=== TASK INSTRUCTIONS ===
Print exactly those lines that run from the beginning of the data to the line bearing "becomes convex after", inclusive.

[Saved data entries]

------------------------------------------------------------

text \<open>
  Since \<sigma> is \<open>L\<close>-Lipschitz, the suprema defining \<open>u\<close> only involve momenta \<open>|y| \<le> L\<close>.
  On that compact set of momenta \<open>H\<close> is bounded and Lipschitz in time with some constant \<open>B\<close>,
  so \<open>K t y = \<integral>\<^sub>0\<^sup>t H(\<tau>, y) d\<tau>\<close> is bounded and \<open>B/2 t\<^sup>2 - K t y\<close> is convex in \<open>t\<close>.
  On each time slab \<open>u\<close> is a supremum of the functions \<open>x \<bullet> y - \<sigma>\<^sup>*(y) - K t y\<close>, each of which
  becomes convex after adding \<open>B/2 |(t, x)|\<^sup>2\<close>; hence \<open>u + B/2 |(t, x)|\<^sup>2\<close> is convex on
  \<open>[0, t\<^sub>+]\<close> and on \<open>[t\<^sub>+, T]\<close>. The first-stage formula continued beyond \<open>t\<^sub>+\<close> is a convex
  minorant of \<open>u\<close> (because \<open>\<omega>\<^sup>* \<le> \<sigma>\<^sup>* + K t\<^sub>+\<close>) that agrees with \<open>u\<close> at \<open>t = t\<^sub>+\<close>, and a
  function that is convex on both sides of a hyperplane and admits such a minorant is convex.
\<close>

section \<open>Fenchel conjugation\<close>

lemma fenchel_upper: "ereal (y \<bullet> q) - f q \<le> fenchel f y"
  unfolding fenchel_def by (rule SUP_upper) simp

lemma fenchel_antimono:
  assumes "\<And>y. f y \<le> g y"
  shows "fenchel g x \<le> fenchel f x"
  unfolding fenchel_def using assms by (intro SUP_mono) (auto intro: ereal_minus_mono)

lemma fenchel_fenchel_le: "fenchel (fenchel f) y \<le> f y"
  unfolding fenchel_def[of "fenchel f"]
proof (rule SUP_least)
  fix z
  have "ereal (y \<bullet> z) - f y \<le> fenchel f z"
    using fenchel_upper[of z y f] by (simp add: inner_commute)
  then show "ereal (y \<bullet> z) - fenchel f z \<le> f y"
    by (cases "f y"; cases "fenchel f z") auto
qed

lemma fenchel_fenchel_fenchel: "fenchel (fenchel (fenchel f)) = fenchel f"
proof
  fix x
  show "fenchel (fenchel (fenchel f)) x = fenchel f x"
    by (intro antisym fenchel_fenchel_le fenchel_antimono)
qed

section \<open>Convexity\<close>

lemma convex_on_cong:
  assumes "convex_on S f" and "\<And>x. x \<in> S \<Longrightarrow> f x = g x"
  shows "convex_on S g"
  using assms unfolding convex_on_def by (auto simp: convex_def)

lemma convex_on_Times_add:
  assumes "convex_on S f" and "convex_on T g"
  shows "convex_on (S \<times> T) (\<lambda>p. f (fst p) + g (snd p))"
proof -
  have "convex_on (S \<times> T) (\<lambda>p. f (fst p))" "convex_on (S \<times> T) (\<lambda>p. g (snd p))"
    using assms by (auto simp: convex_on_def convex_Times)
  then show ?thesis by (rule convex_on_add)
qed

lemma norm_convex_combination_sq:
  fixes a b :: "'a::real_inner"
  shows "l * (norm a)\<^sup>2 + (1 - l) * (norm b)\<^sup>2 - (norm (l *\<^sub>R a + (1 - l) *\<^sub>R b))\<^sup>2
       = l * (1 - l) * (norm (a - b))\<^sup>2"
  unfolding power2_norm_eq_inner
  by (simp add: inner_add_left inner_add_right inner_diff_left inner_diff_right inner_commute
      algebra_simps)

lemma convex_on_norm_sq: "convex_on UNIV (\<lambda>x::'a::real_inner. (norm x)\<^sup>2)"
proof (rule convex_onI)
  fix t :: real and x y :: 'a
  assume "0 < t" "t < 1"
  then have "0 \<le> (1 - t) * (1 - (1 - t)) * (norm (x - y))\<^sup>2" by simp
  then show "(norm ((1 - t) *\<^sub>R x + t *\<^sub>R y))\<^sup>2 \<le> (1 - t) * (norm x)\<^sup>2 + t * (norm y)\<^sup>2"
    using norm_convex_combination_sq[of "1 - t" x y] by simp
qed simp

lemma convex_on_inner_minus_const: "convex_on UNIV (\<lambda>x. x \<bullet> y - c)"
  by (rule convex_onI) (auto simp: inner_add_left algebra_simps)

lemma convex_on_cSup_add:
  assumes "Y \<noteq> {}"
    and bdd: "\<And>x. x \<in> S \<Longrightarrow> bdd_above ((\<lambda>y. f y x) ` Y)"
    and cvx: "\<And>y. y \<in> Y \<Longrightarrow> convex_on S (\<lambda>x. f y x + g x)"
  shows "convex_on S (\<lambda>x. Sup ((\<lambda>y. f y x) ` Y) + g x)"
proof (rule convex_onI)
  show "convex S" using assms(1) cvx convex_on_imp_convex by blast
  fix t :: real and x z
  assume t: "0 < t" "t < 1" and xz: "x \<in> S" "z \<in> S"
  define m where "m = (1 - t) *\<^sub>R x + t *\<^sub>R z"
  have "f y m \<le> (1 - t) * (Sup ((\<lambda>y. f y x) ` Y) + g x)
                 + t * (Sup ((\<lambda>y. f y z) ` Y) + g z) - g m" if y: "y \<in> Y" for y
  proof -
    have "f y m + g m \<le> (1 - t) * (f y x + g x) + t * (f y z + g z)"
      using convex_onD[OF cvx[OF y], of t x z] t xz unfolding m_def by simp
    moreover have "f y x \<le> Sup ((\<lambda>y. f y x) ` Y)" "f y z \<le> Sup ((\<lambda>y. f y z) ` Y)"
      using y bdd xz by (auto intro: cSup_upper)
    ultimately show ?thesis
      using t by (smt (verit, best) mult_left_mono)
  qed
  then have "Sup ((\<lambda>y. f y m) ` Y) \<le> (1 - t) * (Sup ((\<lambda>y. f y x) ` Y) + g x)
                 + t * (Sup ((\<lambda>y. f y z) ` Y) + g z) - g m"
    using assms(1) by (intro cSup_least) auto
  then show "Sup ((\<lambda>y. f y m) ` Y) + g m
      \<le> (1 - t) * (Sup ((\<lambda>y. f y x) ` Y) + g x) + t * (Sup ((\<lambda>y. f y z) ` Y) + g z)"
    by simp
qed

lemma semiconvex_lin_if_convex_plus_sq:
  fixes v :: "'a::real_inner \<Rightarrow> real"
  assumes "0 < C" and "convex_on \<Omega> (\<lambda>y. v y + C / 2 * (norm y)\<^sup>2)"
  shows "semiconvex_lin \<Omega> v"
  unfolding semiconvex_lin_def
proof (intro exI[of _ C] conjI ballI)
  fix y1 y2 and l :: real assume y: "y1 \<in> \<Omega>" "y2 \<in> \<Omega>" and l: "l \<in> {0..1}"
  define m where "m = l *\<^sub>R y1 + (1 - l) *\<^sub>R y2"
  have "v m + C / 2 * (norm m)\<^sup>2
      \<le> l * (v y1 + C / 2 * (norm y1)\<^sup>2) + (1 - l) * (v y2 + C / 2 * (norm y2)\<^sup>2)"
    using assms(2) y l unfolding convex_on_def m_def by simp
  then have "v m - l * v y1 - (1 - l) * v y2
      \<le> C / 2 * (l * (norm y1)\<^sup>2 + (1 - l) * (norm y2)\<^sup>2 - (norm m)\<^sup>2)"
    by (simp add: field_simps)
  also have "\<dots> = l * (1 - l) * (C / 2) * (norm (y1 - y2))\<^sup>2"
    unfolding m_def norm_convex_combination_sq by simp
  finally show "v (l *\<^sub>R y1 + (1 - l) *\<^sub>R y2) - l * v y1 - (1 - l) * v y2
      \<le> l * (1 - l) * (C / 2) * (norm (y1 - y2))\<^sup>2"
    unfolding m_def .
qed (use assms in simp)

lemma convex_combination_le_if_le_at_point:
  fixes h :: "'a::real_vector \<Rightarrow> real" and p q :: 'a and \<mu> l :: real
  defines "m \<equiv> \<mu> *\<^sub>R p + (1 - \<mu>) *\<^sub>R q"
  assumes "0 \<le> \<mu>" "\<mu> \<le> l" "l \<le> 1" "\<mu> < 1"
    and at_m: "h m \<le> \<mu> * h p + (1 - \<mu>) * h q"
    and segment: "\<And>\<alpha>. 0 \<le> \<alpha> \<Longrightarrow> \<alpha> \<le> 1 \<Longrightarrow> h (\<alpha> *\<^sub>R p + (1 - \<alpha>) *\<^sub>R m) \<le> \<alpha> * h p + (1 - \<alpha>) * h m"
  shows "h (l *\<^sub>R p + (1 - l) *\<^sub>R q) \<le> l * h p + (1 - l) * h q"
proof -
  define \<alpha> where "\<alpha> = (l - \<mu>) / (1 - \<mu>)"
  have \<alpha>: "0 \<le> \<alpha>" "\<alpha> \<le> 1" using assms(2-5) by (auto simp: \<alpha>_def field_simps)
  have "(1 - \<alpha>) * (1 - \<mu>) = 1 - l"
    using \<open>\<mu> < 1\<close> by (simp add: \<alpha>_def field_simps)
  moreover have "\<alpha> + (1 - \<alpha>) * \<mu> = 1 - (1 - \<alpha>) * (1 - \<mu>)" by (simp add: algebra_simps)
  ultimately have weights: "(1 - \<alpha>) * (1 - \<mu>) = 1 - l" "\<alpha> + (1 - \<alpha>) * \<mu> = l" by simp_all
  have "l *\<^sub>R p + (1 - l) *\<^sub>R q = \<alpha> *\<^sub>R p + (1 - \<alpha>) *\<^sub>R m"
    unfolding m_def weights[symmetric] by (simp add: algebra_simps)
  then have "h (l *\<^sub>R p + (1 - l) *\<^sub>R q) \<le> \<alpha> * h p + (1 - \<alpha>) * h m"
    using segment[OF \<alpha>] by simp
  also have "\<dots> \<le> \<alpha> * h p + (1 - \<alpha>) * (\<mu> * h p + (1 - \<mu>) * h q)"
    using at_m \<alpha> by (intro add_left_mono mult_left_mono) auto
  also have "\<dots> = l * h p + (1 - l) * h q"
    unfolding weights[symmetric] by (simp add: algebra_simps)
  finally show ?thesis .
qed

------------------------------------------------------------

=== OUTPUT OF THE EXERCISE ===
text \<open>
  Since \<sigma> is \<open>L\<close>-Lipschitz, the suprema defining \<open>u\<close> only involve momenta \<open>|y| \<le> L\<close>.
  On that compact set of momenta \<open>H\<close> is bounded and Lipschitz in time with some constant \<open>B\<close>,
  so \<open>K t y = \<integral>\<^sub>0\<^sup>t H(\<tau>, y) d\<tau>\<close> is bounded and \<open>B/2 t\<^sup>2 - K t y\<close> is convex in \<open>t\<close>.
  On each time slab \<open>u\<close> is a supremum of the functions \<open>x \<bullet> y - \<sigma>\<^sup>*(y) - K t y\<close>, each of which
  becomes convex after adding \<open>B/2 |(t, x)|\<^sup>2\<close>; hence \<open>u + B/2 |(t, x)|\<^sup>2\<close> is convex on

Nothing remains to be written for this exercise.